Now, what happens when, after S1 crashed, it comes back again? It sends a SYNC
command to S2, telling that he wants to syncronize its locks, so S2 gives it a
list of the objects it has locked and from then on they talk as usual.


The main problem is when the communication between servers is lost, but
neither crash: that way clients can still talk to them, but they can't talk to
each other. This is worst than both crashing, because it means that two
clients can grab the same lock. It's also the harder to fix, and this is why
most fault tolerant things have those weird designs and backend special
connections.

What we do in this case is called 'The Great Poncio', it means that we rely
the decision to another program determined (and probably written) by the
administrator, because he's the one with knowledge about the network layout
and how to determine the best action course. Pretty much like in the old roman
ages, it decides whether the server lives, or dies.


Protocol specification
----------------------

The main structure of the command header is:

    0                   1                   2                   3
    0 1 2 3 4 5 6 7 8 9 0 1 2 3 4 5 6 7 8 9 0 1 2 3 4 5 6 7 8 9 0 1
   +-+-+-+-+-+-+-+-+-+-+-+-+-+-+-+-+-+-+-+-+-+-+-+-+-+-+-+-+-+-+-+-+
   |Version|    Op. Code   |            Lenght                     |
   +-+-+-+-+-+-+-+-+-+-+-+-+-+-+-+-+-+-+-+-+-+-+-+-+-+-+-+-+-+-+-+-+


Overall, the header takes 32 bits: 4 for the version, 8 for the operation
code, and 20 for the payload lenght.

After the header, a payload of the given lenght follows (and, logically, 0
lenght means no payload); its content changes according the operation, but in
most cases refer to a string which identifies the object to block univocally.
The maximum payload size is (2^20 - 1) = 1048575 bytes = 1 Mb, which is really
much more than we need.

The following operations are defined:

Name			Code	Description
REQ_ACQ_LOCK		1	Request to acquire a lock
REQ_REL_LOCK		2	Request to release a lock
REQ_TRY_LOCK		3	Request to attempt to acquire a lock
REQ_PING		4	Ping request
REQ_ADOPT		5	Request to adopt an orphan lock
REQ_SYNC		6	Syncronize request for inter-server operation

REP_LOCK_ACQUIRED	128	The lock has been acquired
REP_LOCK_WBLOCK		129	The operation would block
REP_LOCK_RELEASED	130	The lock has been released
REP_PONG		131	Ping response
REP_ACK			132	Generic acknowledge response
REP_ERR			133	Generic error response
REP_SYNC		134	Syncronize reply for inter-server operation


For the following operations: 
	REQ_ACQ_LOCK
	REQ_REL_LOCK
	REQ_TRY_LOCK
	REQ_ADOPT
	REP_ACK (in response to the four previous requests)
	REP_ERR (in response to the four previous requests)
	REP_LOCK_ACQUIRED
	REP_LOCK_WBLOCK
	REP_LOCK_RELEASED

the payload is a null-terminated string identifying univocally the object
involved.

For REQ_SYNC, no payload is used, and REP_SYNC payload contains all the locked
object's null-terminated strings (ie. "obj 1\0obj 2\0obj3\0").

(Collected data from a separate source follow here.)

theorem theorem3p2:
  fixes V :: "'a set" and E :: "'a \<Rightarrow> 'a \<Rightarrow> bool"
  assumes "simple_graph V E" and "V \<noteq> {}" and "no_isolated V E"
  shows
   "(let n = real (card V); m = real (num_edges V E); ne = real (num_even_deg V E);
         fd = real (min_degree V E div 2); cD = real ((max_degree V E + 1) div 2);
         d = real (min_degree V E); D = real (max_degree V E)
     in real_of_int (gamma_st V E) \<ge> ((fd - cD + 2) * n) / (fd + cD)
      \<and> real_of_int (gamma_st V E) \<ge> ((5 - 3*D - 2*cD) * n + 2*ne + 8*m) / (3*D + 2*cD - 1)
      \<and> real_of_int (gamma_st V E) \<ge> ((5 + 3*d - 2*cD) * n + 2*ne - 4*m) / (3*d + 2*cD - 1))
   \<and>
   (\<exists>(V1::nat set) E1. simple_graph V1 E1 \<and> V1 \<noteq> {} \<and> no_isolated V1 E1 \<and>
      real_of_int (gamma_st V1 E1) =
        ((real (min_degree V1 E1 div 2) - real ((max_degree V1 E1 + 1) div 2) + 2) * real (card V1))
        / (real (min_degree V1 E1 div 2) + real ((max_degree V1 E1 + 1) div 2)))
   \<and>
   (\<exists>(V2::nat set) E2. simple_graph V2 E2 \<and> V2 \<noteq> {} \<and> no_isolated V2 E2 \<and>
      real_of_int (gamma_st V2 E2) =
        ((5 - 3 * real (max_degree V2 E2) - 2 * real ((max_degree V2 E2 + 1) div 2)) * real (card V2)
          + 2 * real (num_even_deg V2 E2) + 8 * real (num_edges V2 E2))
        / (3 * real (max_degree V2 E2) + 2 * real ((max_degree V2 E2 + 1) div 2) - 1))
   \<and>
   (\<exists>(V3::nat set) E3. simple_graph V3 E3 \<and> V3 \<noteq> {} \<and> no_isolated V3 E3 \<and>
      real_of_int (gamma_st V3 E3) =
        ((5 + 3 * real (min_degree V3 E3) - 2 * real ((max_degree V3 E3 + 1) div 2)) * real (card V3)
          + 2 * real (num_even_deg V3 E3) - 4 * real (num_edges V3 E3))
        / (3 * real (min_degree V3 E3) + 2 * real ((max_degree V3 E3 + 1) div 2) - 1))"
proof -
  obtain f where "is_STDF V E f" and gamma: "gamma_st V E = (\<Sum>v\<in>V. f v)"
    using gamma_st_attained assms(1,3) by blast
  then interpret stdf V E f using assms(1) by unfold_locales
  have "1 \<le> min_degree V E"
    using min_degree_pos[OF finite_V assms(2,3)] by simp
  moreover have "min_degree V E \<le> max_degree V E"
    by (rule min_degree_le_max_degree[OF finite_V assms(2)])
  ultimately have "1 \<le> real (min_degree V E)" "1 \<le> real (max_degree V E)"
    "1 \<le> real ((max_degree V E + 1) div 2)"
    by simp_all
  then have denominators_pos:
    "0 < real (min_degree V E div 2) + real ((max_degree V E + 1) div 2)"
    "0 < 3 * real (max_degree V E) + 2 * real ((max_degree V E + 1) div 2) - 1"
    "0 < 3 * real (min_degree V E) + 2 * real ((max_degree V E + 1) div 2) - 1"
    by simp_all
  have K2_witness: "\<exists>(V1::nat set) E1. simple_graph V1 E1 \<and> V1 \<noteq> {} \<and> no_isolated V1 E1 \<and> P V1 E1"
    if "P K2_V K2_E" for P
    using K2_facts(1-3) that by blast
  show ?thesis
    unfolding Let_def gamma
    by (intro conjI pos_divide_le_eq[THEN iffD2] denominators_pos K2_witness
        weight_lower_bound_i weight_lower_bound_ii weight_lower_bound_iii) (simp_all add: K2_facts)
qed

end
lemma g_preimage_subset_W:
  assumes k: "k \<ge> 3" and a: "0 \<le> a" "a < 1 / real k" and b: "(real k - 1) / real k < b" "b \<le> 1"
  shows "g_preimage k (W 2 (g k a) (g k b)) \<subseteq> W k a b"
proof
  fix x
  assume x: "x \<in> g_preimage k (W 2 (g k a) (g k b))"
  have ga: "g k a < 1 / 2" and gb: "1 / 2 < g k b"
    using g_less_half[OF k a] g_greater_half[OF k b] .
  note orbit = g_preimage_orbit[OF k ga gb x]
  have "(T k ^^ n) x \<notin> {a<..<b}" for n
  proof
    define y where "y = (T k ^^ n) x"
    assume "(T k ^^ n) x \<in> {a<..<b}"
    then have "a < y" "y < b"
      unfolding y_def by simp_all
    have y_orbit: "in_outer_intervals k ((T k ^^ m) y) \<and> g k ((T k ^^ m) y) \<noteq> 1 / 2" for m
      using orbit[of "m + n"] ga gb unfolding y_def funpow_add comp_def by auto
    have "0 \<le> y" "y < 1"
      using in_outer_intervals_bounds[of k y] y_orbit[of 0] k by simp_all
    have "g k a \<le> g k y"
      using g_mono[OF k a(1)] \<open>a < y\<close> \<open>y < 1\<close> by simp
    moreover have "g k a \<noteq> g k y"
      using g_ne_if_orbit_in_outer_intervals[OF k y_orbit a(1)] \<open>a < y\<close> \<open>y < 1\<close> by simp
    moreover have "g k y \<le> g k b"
      using g_mono[OF k \<open>0 \<le> y\<close>] \<open>y < b\<close> b(2) by simp
    moreover have "g k b \<noteq> g k y"
      using g_ne_if_orbit_in_outer_intervals[OF k y_orbit _ b(2)] \<open>0 \<le> y\<close> \<open>y < b\<close> by simp
    ultimately show False
      using orbit(2)[of n] unfolding y_def by simp
  qed
  moreover have "0 \<le> x" "x < 1"
    using in_outer_intervals_bounds[OF _ orbit(1)[of 0]] k by simp_all
  ultimately show "x \<in> W k a b"
    unfolding W_def by simp
qed

lemma g_preimage_disjoint_B:
  assumes k: "k \<ge> 3" and c: "c < 1 / 2" and e: "1 / 2 < e"
  shows "g_preimage k (W 2 c e) \<inter> B k = {}"
proof (intro equalityI subsetI, elim IntE)
  fix x
  assume x: "x \<in> g_preimage k (W 2 c e)" and "x \<in> B k"
  then obtain l n where x_eq: "x = real l / real k ^ n" and "1 \<le> l" "1 \<le> n"
    unfolding B_def by auto
  have pos: "0 < (T k ^^ m) x" for m
  proof (induction m)
    case 0
    show ?case
      using x_eq \<open>1 \<le> l\<close> k by simp
  next
    case (Suc m)
    then show ?case
      using T_pos[OF _ g_preimage_orbit(1)[OF k c e x]] k by simp
  qed
  then show "x \<in> {}"
    using pos[of n] funpow_T_k_adic[of k n l] x_eq \<open>1 \<le> n\<close> k by simp
qed simp

theorem mainTheorem7:
  fixes k :: nat and a b :: real
  assumes "k \<ge> 3" and "0 \<le> a" and "a < 1 / real k"
    and "(real k - 1) / real k < b" and "b \<le> 1"
  shows "W k a b \<subseteq> C k
    \<and> g_preimage k (W 2 (g k a) (g k b)) \<inter> B k = {}
    \<and> W k a b = C k \<inter> g_preimage k (W 2 (g k a) (g k b))"
proof (intro conjI)
  have k: "k \<ge> 2"
    using assms(1) by simp
  show W_C: "W k a b \<subseteq> C k"
    using C_if_orbit_in_outer_intervals[OF k] W_orbit_in_outer_intervals[OF k assms(3,4)] by blast
  show "g_preimage k (W 2 (g k a) (g k b)) \<inter> B k = {}"
    using g_preimage_disjoint_B[OF assms(1)] g_less_half[OF assms(1-3)] g_greater_half[OF assms(1,4,5)] .
  show "W k a b = C k \<inter> g_preimage k (W 2 (g k a) (g k b))"
    using W_C W_subset_g_preimage[OF assms] g_preimage_subset_W[OF assms] by blast
qed

end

For REQ_PING the payload can be any arbitrary string that returned untouched
in REP_SYNC.


The possible response to commands are:

Command		Valid responses
REQ_ACQ_LOCK	REP_ACK, REP_LOCK_ACQUIRED
REQ_REL_LOCK	REP_LOCK_RELEASED
REQ_TRY_LOCK	REP_LOCK_ACQUIRED, REP_LOCK_WBLOCK
REQ_PING	REP_PONG
REQ_ADOPT	REP_ACK
REQ_SYNC	REP_SYNC

Note that REP_ERR is always a valid response, and it always indicates an error
on the request (ie. if you tried to unlock an object that wasn't locked).